My race began, of course, months, not weeks or days or hours or minutes, before high noon in Hopkinton, Mass., a nondescript if pleasant enough burg annually transformed into a freak show by the descent of fifteen thousand curious souls — aspirants with dreams too offbeat to fill their leisure time with the mundane corruptions of workaday society. But for purposes of this account, the story’s obligatory beginning is at the unfurling of my rendition of that dream — as I wandered blandly out of the Korean Church of Hopkinton, the temporary operating base of the two-hundred-plus seeded runners, slapping a modicum of restraint on the pulses of adrenalin that needed to be harnessed until a more opportune moment than this instant of contrived hype.

I said hallelujah to the sixteen loyal fans
You’ll get down on your muthafuckin’ knees
And it’s time for your sickness again

Under the direction of race marshals (who, much to my satisfaction, made sure I was wearing a seeded number beneath my BRADY/POSITIVE POWER T-shirt) I followed teammate Dan Verrington to the front of the first corral, the noisome belly of which I had narrowly eluded thanks to a 2:26:52 qualifying time in my last marathon in October 1999. The day was sunny and the easterly breezes ripe for bipedal showmanship. I remarked unaffectedly that I felt like an impostor among the Tanuis and Aberas and Nderebas and DeHavens traipsing along nearby. Dan, a 2:21 marathoner, gave amused assent. The thought was devoid of timidity; a half-accomplished runner knows his position far better than the wags who would lump him in the “elite” category for the sake of convenience, ignorance, and hyperbole. As if on cue, a public address speaker announced that every one of the runners streaming onto Route 135 between untold numbers of raucous observers and press corps members was capable of covering 26 point 2 miles at under five-minute pace. I smiled. The day was in order.

Given my position I was able to warm up in front of the starting line, and with a hundred introspectively light-footed others I ambled to and fro a few times more for the sake of nervous dissolution than to prime myself physically for the impending task. The trick here was not to undermine my chance of success in the first downhill miles. It is not an easy trick. The ghosts of a score of legends, realizing their mistakes too late even with the foreknowledge of what might happen on this unique stretch of asphalt, pepper the landscape between Wellesley and Boston, where luxurious debts are repaid to the fullest misery of the starry-eyed borrower.

Twin F-14 fighter jets soared by overhead toward the east, two minutes ahead of schedule.

I manipulate to recreate
This air to ground saga
Gotta launder my karma

We got two more minutes and
We gonna cut to what you need

Finally, as the final seconds were counted down, it was just like any other race. We were stuffed onto a very ordinary two-lane road, sweaty and anxious to escape the jitters and body odor. I can only imagine what the people crammed into the corrals must have felt.

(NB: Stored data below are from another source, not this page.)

(* Let $c,o\in\{1,\dots,N\}$ and define the polynomial $$h(s)=e_o^{T}\,\operatorname{adj}(sI+L)\,e_c=\sum_{i=0}^{N-1}h_i s^i,$$ that is, the $(o,c)$ entry of the adjugate of $sI+L$. Then for every $i=0,\dots,N-1$, $$h_i=\vartheta\big(\mathcal F_{N-i-1}^{c\to o}\big).$$
   Context: Let $\mathcal G$ be a weighted directed graph on the vertex set $\{1,\dots,N\}$ with adjacency matrix $A=[a_{ij}]$, where $a_{ij}>0$ if there is an arc from $j$ to $i$ and $a_{ij}=0$ otherwise (no self-loops). The weight of that arc is $a_{ij}$. The Laplacian is $L=D-A$ with $D=\mathrm{diag}(\sum_j a_{ij})$. The vector $e_i$ is the $i$-th canonical basis vector, and $I$ is the identity matrix. A diverging (out-)tree is a set of arcs on a vertex subset that has a root vertex of in-degree $0$, has every other vertex of in-degree exactly $1$, and has a directed path from the root to every vertex of the subset. A spanning diverging forest is a set of arcs whose diverging trees partition all $N$ vertices; isolated vertices are trivial trees. The weight of a forest is the product of its arc weights. $\mathcal F_k^{u\to w}$ is the set of all spanning diverging forests with exactly $k$ arcs in which $u$ is the root of a tree containing $w$. The quantity $\vartheta(\mathcal F_k^{u\to w})$ is the sum of the weights of its members; it is $0$ if the set is empty. *)

theory Defs
  imports "Jordan_Normal_Form.Determinant" "HOL-Library.Disjoint_Sets"
          "HOL-Computational_Algebra.Polynomial"
begin

text \<open>Vertices are 0,...,N-1 (the paper's 1,...,N shifted by one).
  A is the weighted adjacency matrix: A(i,j) > 0 iff there is an arc from j to i.
  An arc from j to i is represented as the pair (j,i) (tail, head).\<close>

definition arcs :: "real mat \<Rightarrow> (nat \<times> nat) set" where
  "arcs A = {(j,i). i < dim_row A \<and> j < dim_col A \<and> A $$ (i,j) > 0}"

definition degree_mat :: "real mat \<Rightarrow> real mat" where
  "degree_mat A = mat (dim_row A) (dim_row A)
     (\<lambda>(i,j). if i = j then (\<Sum>k<dim_col A. A $$ (i,k)) else 0)"

definition laplacian :: "real mat \<Rightarrow> real mat" where
  "laplacian A = degree_mat A - A"

definition sI_plus :: "real mat \<Rightarrow> real poly mat" where
  "sI_plus L = [:0, 1:] \<cdot>\<^sub>m 1\<^sub>m (dim_row L) + map_mat (\<lambda>x. [:x:]) L"

definition diverging_tree :: "(nat \<times> nat) set \<Rightarrow> nat set \<Rightarrow> nat \<Rightarrow> bool" where
  "diverging_tree T S r \<longleftrightarrow>
     r \<in> S \<and> T \<subseteq> S \<times> S \<and>
     (\<forall>v\<in>S. card {u. (u,v) \<in> T} = (if v = r then 0 else 1)) \<and>
     (\<forall>v\<in>S. (r,v) \<in> T\<^sup>*)"

definition forest_with_parts :: "real mat \<Rightarrow> (nat \<times> nat) set \<Rightarrow> nat set set \<Rightarrow> bool" where
  "forest_with_parts A F P \<longleftrightarrow>
     F \<subseteq> arcs A \<and> partition_on {0..<dim_row A} P \<and>
     F \<subseteq> (\<Union>S\<in>P. S \<times> S) \<and>
     (\<forall>S\<in>P. \<exists>r. diverging_tree (F \<inter> (S \<times> S)) S r)"

definition spanning_diverging_forest :: "real mat \<Rightarrow> (nat \<times> nat) set \<Rightarrow> bool" where
  "spanning_diverging_forest A F \<longleftrightarrow> (\<exists>P. forest_with_parts A F P)"

definition forests_root :: "real mat \<Rightarrow> nat \<Rightarrow> nat \<Rightarrow> nat \<Rightarrow> (nat \<times> nat) set set" where
  "forests_root A k u w = {F. card F = k \<and>
     (\<exists>P. forest_with_parts A F P \<and>
        (\<exists>S\<in>P. u \<in> S \<and> w \<in> S \<and> diverging_tree (F \<inter> (S \<times> S)) S u))}"

definition forest_weight :: "real mat \<Rightarrow> (nat \<times> nat) set \<Rightarrow> real" where
  "forest_weight A F = (\<Prod>(j,i)\<in>F. A $$ (i,j))"

definition theta :: "real mat \<Rightarrow> (nat \<times> nat) set set \<Rightarrow> real" where
  "theta A \<F> = (\<Sum>F\<in>\<F>. forest_weight A F)"

end

theory Submission
  imports Defs
begin

text \<open>
  The entry is the cofactor of sI + L at (c, o): the determinant of sI + L with row c replaced
  by the unit row e_o. Every other row i equals s e_i + sum_(j ~= i) a_ij (e_i - e_j), so by
  multilinearity the determinant expands over the ways of choosing, for each i ~= c, either the
  term s e_i or a parent j of i. The determinant of the chosen rows is 1 if the parent arcs are
  acyclic and lead from c to o, and 0 otherwise: the rows of the vertices on a cycle add up to
  zero, and adding the rows along the path back from o turns e_o into the row of its root.
  Acyclic parent relations are exactly the spanning diverging forests (the trees are the classes
  of vertices with a common root), and a forest with k arcs picks s at its N - 1 - k roots
  other than c.
\<close>

section \<open>Multilinearity of the determinant\<close>

lemma det_add_row:
  fixes A B C :: "'a::comm_ring_1 mat"
  assumes A: "A \<in> carrier_mat n n" and B: "B \<in> carrier_mat n n" and C: "C \<in> carrier_mat n n"
    and k: "k < n"
    and rows: "\<And>i j. i < n \<Longrightarrow> j < n \<Longrightarrow> i \<noteq> k \<Longrightarrow> B $$ (i,j) = A $$ (i,j) \<and> C $$ (i,j) = A $$ (i,j)"
    and row_k: "\<And>j. j < n \<Longrightarrow> A $$ (k,j) = B $$ (k,j) + C $$ (k,j)"
  shows "det A = det B + det C"
proof -
  have "A = mat\<^sub>r n n (\<lambda>i. if i = k then row B i + row C i else row A i)"
    "B = mat\<^sub>r n n (\<lambda>i. if i = k then row B i else row A i)"
    "C = mat\<^sub>r n n (\<lambda>i. if i = k then row C i else row A i)"
    using A B C by (auto intro!: eq_matI simp: rows row_k)
  then show ?thesis
    using det_row_add[of "\<lambda>i. row B i" k n "\<lambda>i. row C i" "\<lambda>i. row A i"] A B C k by auto
qed

lemma det_expand_rows:
  fixes M :: "'a::comm_ring_1 mat"
  assumes M: "M \<in> carrier_mat n n" and fin: "\<And>i. i < n \<Longrightarrow> finite (X i)"
    and entry: "\<And>i k. i < n \<Longrightarrow> k < n \<Longrightarrow> M $$ (i,k) = (\<Sum>x\<in>X i. w i x * V i x k)"
  shows "det M = (\<Sum>f\<in>PiE {0..<n} X. (\<Prod>i=0..<n. w i (f i)) * det (mat n n (\<lambda>(i,k). V i (f i) k)))"
proof -
  let ?P = "{p. p permutes {0..<n}}"
  have perm_lt: "p i < n" if "p \<in> ?P" "i \<in> {0..<n}" for p i
    using that by (simp add: permutes_in_image)
  have det_V: "det (mat n n (\<lambda>(i,k). V i (f i) k)) = (\<Sum>p\<in>?P. signof p * (\<Prod>i=0..<n. V i (f i) (p i)))"
    for f unfolding det_def'[OF mat_carrier]
    by (intro sum.cong refl arg_cong2[where f="(*)"] prod.cong) (auto simp: perm_lt)
  have "det M = (\<Sum>p\<in>?P. signof p * (\<Prod>i=0..<n. \<Sum>x\<in>X i. w i x * V i x (p i)))"
    unfolding det_def'[OF M]
    by (intro sum.cong refl arg_cong2[where f="(*)"] prod.cong) (auto simp: entry perm_lt)
  also have "\<dots> = (\<Sum>p\<in>?P. \<Sum>f\<in>PiE {0..<n} X.
      (\<Prod>i=0..<n. w i (f i)) * (signof p * (\<Prod>i=0..<n. V i (f i) (p i))))"
    by (subst prod_sum_PiE) (auto simp: fin sum_distrib_left prod.distrib algebra_simps)
  also have "\<dots> = (\<Sum>f\<in>PiE {0..<n} X. (\<Prod>i=0..<n. w i (f i)) * det (mat n n (\<lambda>(i,k). V i (f i) k)))"
    by (subst sum.swap) (simp add: det_V sum_distrib_left)
  finally show ?thesis .
qed

lemma cofactor_eq_det_replace_row:
  fixes M :: "'a::comm_ring_1 mat"
  assumes M: "M \<in> carrier_mat n n" and i: "i < n" and j: "j < n"
  shows "cofactor M i j = det (mat n n (\<lambda>(r,k). if r = i then (if k = j then 1 else 0) else M $$ (r,k)))"
    (is "_ = det ?M'")
proof -
  have M': "?M' \<in> carrier_mat n n" by simp
  have "det ?M' = (\<Sum>k<n. ?M' $$ (i,k) * cofactor ?M' i k)"
    by (rule laplace_expansion_row[OF M' i])
  also have "\<dots> = (\<Sum>k<n. if k = j then cofactor ?M' i k else 0)"
    by (rule sum.cong) (auto simp: i)
  also have "\<dots> = cofactor ?M' i j"
    using j by simp
  also have "mat_delete ?M' i j = mat_delete M i j"
    using M by (intro eq_matI) (auto simp: mat_delete_def)
  then have "cofactor ?M' i j = cofactor M i j"
    by (simp add: cofactor_def)
  finally show ?thesis by simp
qed

section \<open>Roots in relations with unique parents\<close>

definition root_of :: "('a \<times> 'a) set \<Rightarrow> 'a \<Rightarrow> 'a" where
  "root_of F x = (THE r. (r, x) \<in> F\<^sup>* \<and> r \<notin> Range F)"

lemma parentless_ancestor_unique:
  assumes sv: "single_valued (F\<inverse>)" and r1: "(r1, v) \<in> F\<^sup>*" "r1 \<notin> Range F"
  shows "(r2, v) \<in> F\<^sup>* \<Longrightarrow> r2 \<notin> Range F \<Longrightarrow> r1 = r2"
  using r1(1)
proof (induction arbitrary: r2 rule: rtrancl_induct)
  case base
  then show ?case using r1(2) by (auto elim: rtranclE)
next
  case (step y z)
  from step.prems(1) show ?case
  proof (cases rule: rtranclE)
    case base
    then show ?thesis using step.hyps(2) step.prems(2) by auto
  next
    case (step y')
    then have "y' = y" using sv \<open>(y, z) \<in> F\<close> by (auto dest: single_valuedD)
    then show ?thesis using step step.IH step.prems(2) by auto
  qed
qed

The officials lowered and removed the rope stretched across the street. A simple pistol shot (or was it a cannon?) launched the 105th crazy parade toward the appallingly disorganized infrastructure of the most provincial city in America.

Hey Mr. Policeman
Is it time for getting away
Is it time for driving down the muthafuckin’ road
And running from your ass today

My plan was to run the first half of the race evenly, meaning I would run the first four or five miles with restraint and effectively pick up the pace as I traveled over the flats. (Actually, my plan was to run the whole damn thing evenly, but even I wasn’t buying that one.) Of course, I wouldn’t really know until I got to the flats whether I’d in fact held back before reaching them, would I? Oh, the cognitive gymnastics. I eased into what felt like something between mile and 50K race pace and listened to the fans yammering away behind the guardrails on either side.

Shortly I was joined by Eric Beauchesne, a Massachusetts runner who, until the Eastern States 20, had probably beaten me about a thousand times in a row. He had started somewhere in the first corral. “It’s a clusterfuck back there,” he announced. I didn’t doubt it. Meanwhile, a huge lead pack was forming up ahead. I was guessing the leaders were running “slowly,” but still felt that giving them any less than a half-minute in the first mile was probably imprudent. My time (note that in this account I am giving split times from my watch, an eight-second cushion on my official time) at the mile was 5:26, which told me nothing, really. Shortly thereafter I edged past the women’s leaders — a surprising development. (Later, at around seven miles, Beauchesne would remark, “I’m surprised the women went out so slow.” I replied by telling him I’d remind him of that comment when said women went zooming by somewhere within sight of skyscrapers.)

The next several miles were a continuation of an experiment — did I really feel good enough to hold on to this pace for two and a half hours?

Passing through splits of 10:52, 16:17 (16:51 at 5K — this was incorrectly reported on the BAA Web site), 21:39, 27:11, 32:40 (33:48 at 10K) and 38:05, I had no conscious bouts of either self-doubt or extravagance that I can recall. I was moving along as I had trained myself to do, which I suppose was the point.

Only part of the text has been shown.